Hello, I know I'm new here but this website has a wealth of information and I'm wondering if any of the users here could help me out...

My dog's name is Candy...she's a great dog and now I'm worried sick because she swallowed a toothpick!

Here's the story: (Bear with me on the bad grammar/sentence structure...been crying)
My dog swallowed a toothpick at 1 o' clock in the morning last night. Being a very, very concerned owner I rushed her to a 24 hour vet, and let her stay the night for the vets to see if everything will be okay.
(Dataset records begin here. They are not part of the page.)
(* Let $\mathcal U=\{\mathbf u\in\mathbb R^n:\mathbf u^L\le\mathbf u\le\mathbf u^U\}$ with $0\le u^L_i<u^U_i<\infty$ for all $i$, and let $\widehat{\mathbf u}^j\in\mathcal U$. Given $p\ge1$, $\rho\ge0$ and $\mathbf s\in\mathcal S$, let $\omega_j(\rho,\mathbf s)=\sup_{\mathbf u\in\mathcal U}\{f(\mathbf s,\mathbf u)-\rho\|\mathbf u-\widehat{\mathbf u}^j\|_p^p\}$. Then $$\omega_j(\rho,\mathbf s)=\max_{\mathbf t}\ \sum_{k=1}^n\sum_{\ell=k}^{n+1}\Big(\sum_{i=k}^{\min\{\ell,n\}}z_{i\ell j}\Big)t_{k\ell}\quad\text{s.t.}\quad\sum_{k=1}^i\sum_{\ell=i}^{n+1}t_{k\ell}=1\ \ \forall i\in[n],\quad t_{k\ell}\ge0\ \ \forall k\in[n],\ \ell\in[k,n+1]_{\mathbb Z},$$ where, for $i\in[n]$ and $\ell\in[i,n+1]_{\mathbb Z}$, $z_{i\ell j}=-s_i\pi_{i\ell}+\sup_{u^L_i\le u_i\le u^U_i}\{\pi_{i\ell}u_i-\rho|u_i-\widehat u^j_i|^p\}$, with $\pi_{i\ell}=-d_\ell+\sum_{q=i+1}^\ell c_q$ if $\ell\in[i,n]_{\mathbb Z}$ and $\pi_{i,n+1}=C+\sum_{q=i+1}^nc_q$.
   Context: Notation: $[m]=\{1,\dots,m\}$, $[i,j]_{\mathbb Z}=\{i,\dots,j\}$. $n\ge1$, $T>0$, $\mathcal S=\{\mathbf s\in\mathbb R^n:\mathbf s\ge0,\sum_is_i\le T\}$; costs $\mathbf c,\mathbf d\in\mathbb R^n_+$, $C\ge0$ with $d_{i+1}-d_i\le c_{i+1}$ ($i\in[n-1]$). $f(\mathbf s,\mathbf u)$ is the optimal value of $\min_{\mathbf w\in\mathbb R^{n+1},\mathbf v\in\mathbb R^n}\sum_{i=1}^n(c_iw_i+d_iv_i)+Cw_{n+1}$ s.t. $w_i-v_{i-1}=u_{i-1}+w_{i-1}-s_{i-1}$ ($i\in[2,n+1]_{\mathbb Z}$), $\mathbf w\ge0,w_1=0,\mathbf v\ge0$. *)

theory Defs
  imports "HOL-Analysis.Analysis"
begin

text \<open>Vectors in R^n are functions nat => real, used on indices 1..n only.\<close>

text \<open>Feasibility of (w,v) in the LP defining f(s,u); w is indexed 1..n+1, v by 1..n.\<close>
definition lp_feasible :: "nat \<Rightarrow> (nat \<Rightarrow> real) \<Rightarrow> (nat \<Rightarrow> real)
    \<Rightarrow> (nat \<Rightarrow> real) \<Rightarrow> (nat \<Rightarrow> real) \<Rightarrow> bool" where
  "lp_feasible n s u w v \<longleftrightarrow>
     (\<forall>i\<in>{2..n+1}. w i - v (i-1) = u (i-1) + w (i-1) - s (i-1)) \<and>
     (\<forall>i\<in>{1..n+1}. w i \<ge> 0) \<and> w 1 = 0 \<and> (\<forall>i\<in>{1..n}. v i \<ge> 0)"

definition lp_obj :: "nat \<Rightarrow> (nat \<Rightarrow> real) \<Rightarrow> (nat \<Rightarrow> real) \<Rightarrow> real
    \<Rightarrow> (nat \<Rightarrow> real) \<Rightarrow> (nat \<Rightarrow> real) \<Rightarrow> real" where
  "lp_obj n c d C w v = (\<Sum>i=1..n. c i * w i + d i * v i) + C * w (n+1)"

definition f_val :: "nat \<Rightarrow> (nat \<Rightarrow> real) \<Rightarrow> (nat \<Rightarrow> real) \<Rightarrow> real
    \<Rightarrow> (nat \<Rightarrow> real) \<Rightarrow> (nat \<Rightarrow> real) \<Rightarrow> real" where
  "f_val n c d C s u = Inf {lp_obj n c d C w v | w v. lp_feasible n s u w v}"

definition omega :: "nat \<Rightarrow> (nat \<Rightarrow> real) \<Rightarrow> (nat \<Rightarrow> real) \<Rightarrow> real
    \<Rightarrow> (nat \<Rightarrow> real) \<Rightarrow> (nat \<Rightarrow> real) \<Rightarrow> (nat \<Rightarrow> real) \<Rightarrow> real \<Rightarrow> real
    \<Rightarrow> (nat \<Rightarrow> real) \<Rightarrow> real" where
  "omega n c d C uL uU uhat p \<rho> s =
     Sup {f_val n c d C s u - \<rho> * (\<Sum>i=1..n. \<bar>u i - uhat i\<bar> powr p) | u.
            \<forall>i\<in>{1..n}. uL i \<le> u i \<and> u i \<le> uU i}"

definition pi_coef :: "nat \<Rightarrow> (nat \<Rightarrow> real) \<Rightarrow> (nat \<Rightarrow> real) \<Rightarrow> real
    \<Rightarrow> nat \<Rightarrow> nat \<Rightarrow> real" where
  "pi_coef n c d C i l =
     (if l \<le> n then - d l + (\<Sum>q=i+1..l. c q) else C + (\<Sum>q=i+1..n. c q))"

definition z_coef :: "nat \<Rightarrow> (nat \<Rightarrow> real) \<Rightarrow> (nat \<Rightarrow> real) \<Rightarrow> real
    \<Rightarrow> (nat \<Rightarrow> real) \<Rightarrow> (nat \<Rightarrow> real) \<Rightarrow> (nat \<Rightarrow> real) \<Rightarrow> real \<Rightarrow> real
    \<Rightarrow> (nat \<Rightarrow> real) \<Rightarrow> nat \<Rightarrow> nat \<Rightarrow> real" where
  "z_coef n c d C uL uU uhat p \<rho> s i l =
     - s i * pi_coef n c d C i l +
     Sup {pi_coef n c d C i l * x - \<rho> * \<bar>x - uhat i\<bar> powr p | x. uL i \<le> x \<and> x \<le> uU i}"

definition t_feasible :: "nat \<Rightarrow> (nat \<Rightarrow> nat \<Rightarrow> real) \<Rightarrow> bool" where
  "t_feasible n t \<longleftrightarrow>
     (\<forall>i\<in>{1..n}. (\<Sum>k=1..i. \<Sum>l=i..n+1. t k l) = 1) \<and>
     (\<forall>k\<in>{1..n}. \<forall>l\<in>{k..n+1}. t k l \<ge> 0)"

definition t_obj :: "nat \<Rightarrow> (nat \<Rightarrow> nat \<Rightarrow> real) \<Rightarrow> (nat \<Rightarrow> nat \<Rightarrow> real) \<Rightarrow> real" where
  "t_obj n z t = (\<Sum>k=1..n. \<Sum>l=k..n+1. (\<Sum>i=k..min l n. z i l) * t k l)"

end

theory Submission
  imports Defs
begin

(*
  The dual prices of the LP defining f(s,u) can be taken of the form pi_coef i (L i) for a block
  labeling L: the periods fall into consecutive blocks [k..min l n], and every period of such a
  block uses the price index l. Weak duality makes each labeling a lower bound for f(s,u), and
  Lindley's recursion for w, cut into busy periods, is a primal solution attaining one of them;
  hence f(s,u) = max_L sum_i pi_coef i (L i) * (u i - s i). The penalty is separable, so
  omega = max_L sum_i z i (L i). A labeling is also a 0-1 solution t of the LP in t with the same
  value, and the increments of the backward dynamic-programming values
  max_L sum_{i >= k} z i (L i) form a dual solution showing that no fractional t does better.
  Besides the conditions on the costs, only uL < uU and p > 0 are used.
*)

lemma sum_triangle_swap:
  fixes f :: "nat \<Rightarrow> nat \<Rightarrow> 'a::comm_monoid_add"
  shows "(\<Sum>k=a..b. \<Sum>i=k..b. f k i) = (\<Sum>i=a..b. \<Sum>k=a..i. f k i)"
proof -
  have "(\<Sum>k=a..b. \<Sum>i=k..b. f k i) = (\<Sum>k\<in>{a..b}. \<Sum>i\<in>{i. i \<in> {a..b} \<and> k \<le> i}. f k i)"
    by (intro sum.cong) auto
  also have "\<dots> = (\<Sum>i\<in>{a..b}. \<Sum>k\<in>{k. k \<in> {a..b} \<and> k \<le> i}. f k i)"
    by (rule sum.swap_restrict) simp_all
  also have "\<dots> = (\<Sum>i=a..b. \<Sum>k=a..i. f k i)"
    by (intro sum.cong) auto
  finally show ?thesis .
qed

lemma sum_interval_cover_swap:
  fixes g :: "nat \<Rightarrow> nat \<Rightarrow> nat \<Rightarrow> 'a::comm_monoid_add"
  shows "(\<Sum>k=1..n. \<Sum>l=k..n+1. \<Sum>i=k..min l n. g k l i) =
         (\<Sum>i=1..n. \<Sum>k=1..i. \<Sum>l=i..n+1. g k l i)"
proof -
  have inner: "(\<Sum>l=k..n+1. \<Sum>i=k..min l n. g k l i) = (\<Sum>i=k..n. \<Sum>l=i..n+1. g k l i)" for k
  proof -
    have "(\<Sum>l=k..n+1. \<Sum>i=k..min l n. g k l i) =
          (\<Sum>l\<in>{k..n+1}. \<Sum>i\<in>{i. i \<in> {k..n} \<and> i \<le> l}. g k l i)"
      by (intro sum.cong) auto
    also have "\<dots> = (\<Sum>i\<in>{k..n}. \<Sum>l\<in>{l. l \<in> {k..n+1} \<and> i \<le> l}. g k l i)"
      by (rule sum.swap_restrict) simp_all
    also have "\<dots> = (\<Sum>i=k..n. \<Sum>l=i..n+1. g k l i)"
      by (intro sum.cong) auto
    finally show ?thesis .
  qed
  have "(\<Sum>k=1..n. \<Sum>l=k..n+1. \<Sum>i=k..min l n. g k l i) =
        (\<Sum>k=1..n. \<Sum>i=k..n. \<Sum>l=i..n+1. g k l i)"
    by (simp only: inner)
  also have "\<dots> = (\<Sum>i=1..n. \<Sum>k=1..i. \<Sum>l=i..n+1. g k l i)"
    by (rule sum_triangle_swap)
  finally show ?thesis .
qed

lemma sum_mult_increments:
  fixes P w :: "nat \<Rightarrow> 'a::comm_ring"
  shows "(\<Sum>i=1..Suc m. P i * (w (i+1) - w i)) =
         P (Suc m) * w (m+2) - P 1 * w 1 - (\<Sum>i=1..m. (P (i+1) - P i) * w (i+1))"
  by (induction m) (simp_all add: algebra_simps)

section \<open>Block labelings\<close>

(* L i is the index l of the dual price pi_coef i l used in period i. A label l > i is passed on
   to period i + 1, so the periods with label l form a block ending at min l n. *)
definition block_labeling :: "nat \<Rightarrow> (nat \<Rightarrow> nat) \<Rightarrow> bool" where
  "block_labeling n L \<longleftrightarrow> (\<forall>i\<in>{1..n}. i \<le> L i \<and> L i \<le> n+1) \<and>
     (\<forall>i\<in>{1..n-1}. L i \<noteq> i \<longrightarrow> L (i+1) = L i)"

definition block_start :: "(nat \<Rightarrow> nat) \<Rightarrow> nat \<Rightarrow> bool" where
  "block_start L k \<longleftrightarrow> k = 1 \<or> L (k-1) = k-1"

definition block_indicator :: "nat \<Rightarrow> (nat \<Rightarrow> nat) \<Rightarrow> nat \<Rightarrow> nat \<Rightarrow> real" where
  "block_indicator n L k l = of_bool (k \<in> {1..n} \<and> block_start L k \<and> l = L k)"

lemma block_labeling_id: "block_labeling n (\<lambda>i. i)"
  by (simp add: block_labeling_def)

lemma block_labeling_range:
  "block_labeling n L \<Longrightarrow> i \<in> {1..n} \<Longrightarrow> i \<le> L i \<and> L i \<le> n+1"
  by (simp add: block_labeling_def)

lemma block_labeling_const:
  assumes L: "block_labeling n L" and "1 \<le> k" "k \<le> j"
  shows "j \<le> n \<Longrightarrow> j \<le> L k \<Longrightarrow> L j = L k"
  using \<open>k \<le> j\<close>
proof (induction j rule: dec_induct)
  case base
  then show ?case by simp
next
  case (step j)
  then have "L j = L k" "j \<in> {1..n-1}"
    using \<open>1 \<le> k\<close> by auto
  moreover have "L j \<noteq> j"
    using step.prems \<open>L j = L k\<close> by simp
  ultimately show ?case
    using L unfolding block_labeling_def by fastforce
qed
I went to see her in the morning and the doctor that was working on her assured my family and I that our dog is fine. He went over the x-rays with us and told us that the wood could not be seen by x-rays so all he could do for suggestion is a endoscope, surgery, or wait and hopefully let the toothpick pass by. My father asked if her stomach and intestine looked fine and he replied with a yes.

So we chose to wait and brought our little doggie back home with us. What I'm worried about is that the toothpick was pretty big and my dog is just a 6lbs. I'm pretty scared, but my dog seems to be alright for now...it's been 4 hrs since she got home and she ate her food and drank plenty of water. I also gave her some medicine that the vet prescribed to us- Zantac I believe. Tomorrow we will be taking her to our family vet to get a second opinion/look.

I'm wondering if there's anything else to be worried about? I'm trying to make it very comfortable for her right now..she seems fine. She is sleeping right now with no signs of discomfort except maybe for a little bit of rapid/heavy breathing but that's been normal for her. I fed her some bread but this was about 12 hrs after she swallowed the toothpick so I really have no clue if it will help at all.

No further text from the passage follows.